> [THE PROBLEM] Take each line below that has "prems" and copy it.

> [ENTRIES SUPPLIED]
(* Let $\Delta$ be a simplicial polytopal fan in $\mathbb{R}^d$ with ray generators $\mathbf{v}_1,\ldots,\mathbf{v}_n$, let $\{(\mathbf{u}^{(i)},y^{(i)})\}_{i=1}^m\subset\mathbb{R}^d\times\mathbb{R}$ be a data set, $U=(\mathbf{u}^{(1)},\ldots,\mathbf{u}^{(m)})^\mathsf{T}$ and $\mathbf{y}=(y^{(1)},\ldots,y^{(m)})^\mathsf{T}$. Then \[ \hat{P}^\Delta(U,\mathbf{y})=\operatorname{argmin}_{P(\mathbf{h})\in\mathcal{P}(\Delta)}\|A_U\mathbf{h}-\mathbf{y}\|. \] Equivalently, \[ \hat{P}^\Delta(U,\mathbf{y})=\mathcal{P}(\Delta)\cap\{\mathbf{h}\in\mathbb{R}^n\colon A_U\mathbf{h}=\hat{\mathbf{y}}\}, \] where $\hat{\mathbf{y}}\in A_U\mathcal{P}(\Delta)$ is the unique point of $A_U\mathcal{P}(\Delta)$ of minimal distance to $\mathbf{y}$. In particular, the solution set $\hat{P}^\Delta(U,\mathbf{y})$ is a non-empty polyhedron in $\mathbb{R}^n$.
   Context: A fan is simplicial if every cone is generated by linearly independent vectors; it is polytopal if it is the normal fan of a polytope (so its support is $\mathbb{R}^d$). The support function of a convex body $P$ is $h_P(\mathbf{u})=\max_{\mathbf{x}\in P}\langle\mathbf{x},\mathbf{u}\rangle$. For $\mathbf{h}\in\mathbb{R}^n$ let $P(\mathbf{h})=\{\mathbf{x}\in\mathbb{R}^d\colon\langle\mathbf{x},\mathbf{v}_i\rangle\le h_i,\ i=1,\ldots,n\}$. The deformation cone $\mathcal{P}(\Delta)$ is the set of all polytopes whose normal fan is a coarsening of $\Delta$ (every cone of their normal fan is a union of cones of $\Delta$); such a polytope $P$ equals $P(\mathbf{h})$ for its support vector $\mathbf{h}=(h_P(\mathbf{v}_1),\ldots,h_P(\mathbf{v}_n))$, and via $P(\mathbf{h})\mapsto\mathbf{h}$ the set $\mathcal{P}(\Delta)$ is identified with a closed full-dimensional polyhedral cone in $\mathbb{R}^n$. For $\mathbf{u}\in\mathbb{R}^d$ let $\sigma$ be the unique cone of $\Delta$ with $\mathbf{u}$ in its relative interior, $I_\sigma$ the index set of its generators, and write $\mathbf{u}=\sum_{k\in I_\sigma}\lambda_k\mathbf{v}_k$; define $[\mathbf{u}]\in\mathbb{R}^n$ by $[\mathbf{u}]_i=\lambda_i$ for $i\in I_\sigma$ and $0$ otherwise. $A_U\in\mathbb{R}^{m\times n}$ is the matrix with rows $[\mathbf{u}^{(1)}]^\mathsf{T},\ldots,[\mathbf{u}^{(m)}]^\mathsf{T}$. The least-squares estimator is $\hat{P}^\Delta(U,\mathbf{y})=\operatorname{argmin}_{P\in\mathcal{P}(\Delta)}\frac1m\sum_{i=1}^m(h_P(\mathbf{u}^{(i)})-y^{(i)})^2$, regarded as a set of support vectors in $\mathbb{R}^n$. *)

theory Defs
  imports "HOL-Analysis.Analysis"
begin
(* Among the triangle centers $X_1,\dots,X_{29}$, exactly $X_{16}$, $X_{23}$, $X_{26}$ have the property that there exists an acute triangle $ABC$ with $a<b<c$ in which $\mathrm{Atrace}(X_n)$ lies on the extension of $BC$ beyond $C$. For every other $n\le 29$, in every acute triangle with $a<b<c$, $\mathrm{Atrace}(X_n)$ does not lie on the extension of $BC$ beyond $C$.
   Context: $X_n$ denotes the $n$-th triangle center listed in Kimberling's Encyclopedia of Triangle Centers (ETC), given by barycentric coordinates in terms of $a=BC$, $b=CA$, $c=AB$. For a point $P=(p:q:r)\ne A$, $\mathrm{Atrace}(P)$ is the intersection of line $AP$ with line $BC$, namely $(0:q:r)$; it lies on the extension of $BC$ beyond $C$ iff $q(q+r)<0$. *)

theory Defs
  imports Complex_Main
begin

text \<open>Triangle with side lengths a = BC, b = CA, c = AB.  The angle opposite
  the side of length x (the other two sides being y, z), via the law of cosines.\<close>
definition ang :: "real \<Rightarrow> real \<Rightarrow> real \<Rightarrow> real" where
  "ang x y z = arccos ((y^2 + z^2 - x^2) / (2 * y * z))"

text \<open>A triangle center with first barycentric coordinate f(a,b,c) is the point
  (f(a,b,c) : f(b,c,a) : f(c,a,b)).  Below, X_n a b c is that first coordinate,
  taken from ETC (trigonometric trilinears t(A,B,C) are converted to barycentrics
  by multiplying with a).  Inside X_n a b c:  A = ang a b c, B = ang b c a, C = ang c a b.\<close>

definition X1 :: "real \<Rightarrow> real \<Rightarrow> real \<Rightarrow> real" where "X1 a b c = a"
definition X2 :: "real \<Rightarrow> real \<Rightarrow> real \<Rightarrow> real" where "X2 a b c = 1"
definition X3 :: "real \<Rightarrow> real \<Rightarrow> real \<Rightarrow> real" where "X3 a b c = a^2 * (b^2 + c^2 - a^2)"
definition X4 :: "real \<Rightarrow> real \<Rightarrow> real \<Rightarrow> real" where "X4 a b c = 1 / (b^2 + c^2 - a^2)"
definition X5 :: "real \<Rightarrow> real \<Rightarrow> real \<Rightarrow> real" where
  "X5 a b c = a * cos (ang b c a - ang c a b)"
definition X6 :: "real \<Rightarrow> real \<Rightarrow> real \<Rightarrow> real" where "X6 a b c = a^2"
definition X7 :: "real \<Rightarrow> real \<Rightarrow> real \<Rightarrow> real" where "X7 a b c = 1 / (b + c - a)"
definition X8 :: "real \<Rightarrow> real \<Rightarrow> real \<Rightarrow> real" where "X8 a b c = b + c - a"
definition X9 :: "real \<Rightarrow> real \<Rightarrow> real \<Rightarrow> real" where "X9 a b c = a * (b + c - a)"
definition X10 :: "real \<Rightarrow> real \<Rightarrow> real \<Rightarrow> real" where "X10 a b c = b + c"
definition X11 :: "real \<Rightarrow> real \<Rightarrow> real \<Rightarrow> real" where "X11 a b c = (b + c - a) * (b - c)^2"
definition X12 :: "real \<Rightarrow> real \<Rightarrow> real \<Rightarrow> real" where "X12 a b c = (b + c)^2 / (b + c - a)"
definition X13 :: "real \<Rightarrow> real \<Rightarrow> real \<Rightarrow> real" where
  "X13 a b c = a / sin (ang a b c + pi / 3)"
definition X14 :: "real \<Rightarrow> real \<Rightarrow> real \<Rightarrow> real" where
  "X14 a b c = a / sin (ang a b c - pi / 3)"
definition X15 :: "real \<Rightarrow> real \<Rightarrow> real \<Rightarrow> real" where
  "X15 a b c = a * sin (ang a b c + pi / 3)"
definition X16 :: "real \<Rightarrow> real \<Rightarrow> real \<Rightarrow> real" where
  "X16 a b c = a * sin (ang a b c - pi / 3)"
definition X17 :: "real \<Rightarrow> real \<Rightarrow> real \<Rightarrow> real" where
  "X17 a b c = a / sin (ang a b c + pi / 6)"
definition X18 :: "real \<Rightarrow> real \<Rightarrow> real \<Rightarrow> real" where
  "X18 a b c = a / sin (ang a b c - pi / 6)"
definition X19 :: "real \<Rightarrow> real \<Rightarrow> real \<Rightarrow> real" where
  "X19 a b c = a * tan (ang a b c)"
definition X20 :: "real \<Rightarrow> real \<Rightarrow> real \<Rightarrow> real" where
  "X20 a b c = a * (cos (ang a b c) - cos (ang b c a) * cos (ang c a b))"
definition X21 :: "real \<Rightarrow> real \<Rightarrow> real \<Rightarrow> real" where
  "X21 a b c = a / (cos (ang b c a) + cos (ang c a b))"
definition X22 :: "real \<Rightarrow> real \<Rightarrow> real \<Rightarrow> real" where
  "X22 a b c = a^2 * (b^4 + c^4 - a^4)"
definition X23 :: "real \<Rightarrow> real \<Rightarrow> real \<Rightarrow> real" where
  "X23 a b c = a^2 * (b^4 + c^4 - a^4 - b^2 * c^2)"
definition X24 :: "real \<Rightarrow> real \<Rightarrow> real \<Rightarrow> real" where
  "X24 a b c = a * cos (2 * ang a b c) / cos (ang a b c)"
definition X25 :: "real \<Rightarrow> real \<Rightarrow> real \<Rightarrow> real" where
  "X25 a b c = a * sin (ang a b c) * tan (ang a b c)"
definition X26 :: "real \<Rightarrow> real \<Rightarrow> real \<Rightarrow> real" where
  "X26 a b c = a * (a * (b^2 * cos (2 * ang b c a) + c^2 * cos (2 * ang c a b)
                          - a^2 * cos (2 * ang a b c)))"
definition X27 :: "real \<Rightarrow> real \<Rightarrow> real \<Rightarrow> real" where
  "X27 a b c = a / (cos (ang a b c) * (b + c))"
definition X28 :: "real \<Rightarrow> real \<Rightarrow> real \<Rightarrow> real" where
  "X28 a b c = a * tan (ang a b c) / (b + c)"
definition X29 :: "real \<Rightarrow> real \<Rightarrow> real \<Rightarrow> real" where
  "X29 a b c = a / (cos (ang a b c) * (cos (ang b c a) + cos (ang c a b)))"
lemma rank_factorization_exists: "\<exists>B F. rank_factorization M B F"
proof -
  have "\<exists>B F. rank_factorization M B F" if "M \<in> carrier_mat k m" for M k m
    using that
  proof (induction m arbitrary: M)
    case 0
    have "rank_factorization M (0\<^sub>m k 0) (0\<^sub>m 0 0)"
      using 0 unfolding rank_factorization_def inj_mat_def by (auto intro!: eq_vecI eq_matI)
    then show ?case by blast
  next
    case (Suc m)
    define M0 where "M0 = mat k m (\<lambda>(i, j). M $$ (i, j))"
    obtain B F where "rank_factorization M0 B F" using Suc.IH[of M0] unfolding M0_def by auto
    then have M0: "M0 = B * F" and BF: "dim_col B = dim_row F"
      and B_inj: "inj_mat B" and F_inj: "inj_mat (transpose_mat F)"
      unfolding rank_factorization_def by auto
    have B: "B \<in> carrier_mat k (dim_col B)" and F: "F \<in> carrier_mat (dim_col B) m"
      using arg_cong[OF M0, of dim_row] arg_cong[OF M0, of dim_col] BF unfolding M0_def by auto
    have left: "M $$ (i, j) = (B * F) $$ (i, j)" if "i < k" "j < m" for i j
      using that unfolding M0[symmetric] M0_def by simp
    show ?case
    proof (cases "\<exists>y \<in> carrier_vec (dim_col B). B *\<^sub>v y = col M m")
      case True
      then show ?thesis
        using rank_factorization_extend_in_range[OF Suc.prems B F left B_inj F_inj] by blast
    next
      case False
      then show ?thesis
        using rank_factorization_extend_out_of_range[OF Suc.prems B F left B_inj F_inj] by blast
    qed
  qed
  then show ?thesis by blast
qed

lemma gram_mat_inverse:
  assumes B: "B \<in> carrier_mat k r" and B_inj: "inj_mat B"
  shows "\<exists>G. G \<in> carrier_mat r r \<and> (transpose_mat B * B) * G = 1\<^sub>m r
     \<and> G * (transpose_mat B * B) = 1\<^sub>m r \<and> transpose_mat G = G"
proof -
  let ?N = "transpose_mat B * B"
  have N: "?N \<in> carrier_mat r r" using B by auto
  have "det ?N \<noteq> 0"
  proof
    assume "det ?N = 0"
    then obtain v where v: "v \<in> carrier_vec r" "v \<noteq> 0\<^sub>v r" "?N *\<^sub>v v = 0\<^sub>v r"
      using det_0_iff_vec_prod_zero_field[OF N] by blast
    have "(B *\<^sub>v v) \<bullet> (B *\<^sub>v v) = v \<bullet> (?N *\<^sub>v v)"
      using B v by (simp add: transpose_vec_mult_scalar_dims assoc_mult_mat_vec_dims
          comm_scalar_prod_dims)
    then have "(B *\<^sub>v v) \<bullet> (B *\<^sub>v v) = 0" using v by simp
    then have "B *\<^sub>v v = 0\<^sub>v k"
      using B by (auto simp: scalar_prod_def sum_nonneg_eq_0_iff intro!: eq_vecI)
    then show False using B_inj v B unfolding inj_mat_def by auto
  qed
  from det_non_zero_imp_unit[OF N this, of "()"]
  obtain G where G: "G \<in> carrier_mat r r" and GN: "G * ?N = 1\<^sub>m r" and NG: "?N * G = 1\<^sub>m r"
    unfolding Units_def ring_mat_def by auto
  have NT: "transpose_mat ?N = ?N" using B by (simp add: transpose_mult_dims)
  have "transpose_mat G = transpose_mat G * (?N * G)" using NG G by simp
  also have "\<dots> = transpose_mat (?N * G) * G"
    using G B NT by (simp add: assoc_mult_mat_dims transpose_mult_dims)
  also have "\<dots> = G" using NG G by simp
  finally show ?thesis using G GN NG by blast
qed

> [SOLUTION]
        using rank_factorization_extend_in_range[OF Suc.prems B F left B_inj F_inj] by blast
        using rank_factorization_extend_out_of_range[OF Suc.prems B F left B_inj F_inj] by blast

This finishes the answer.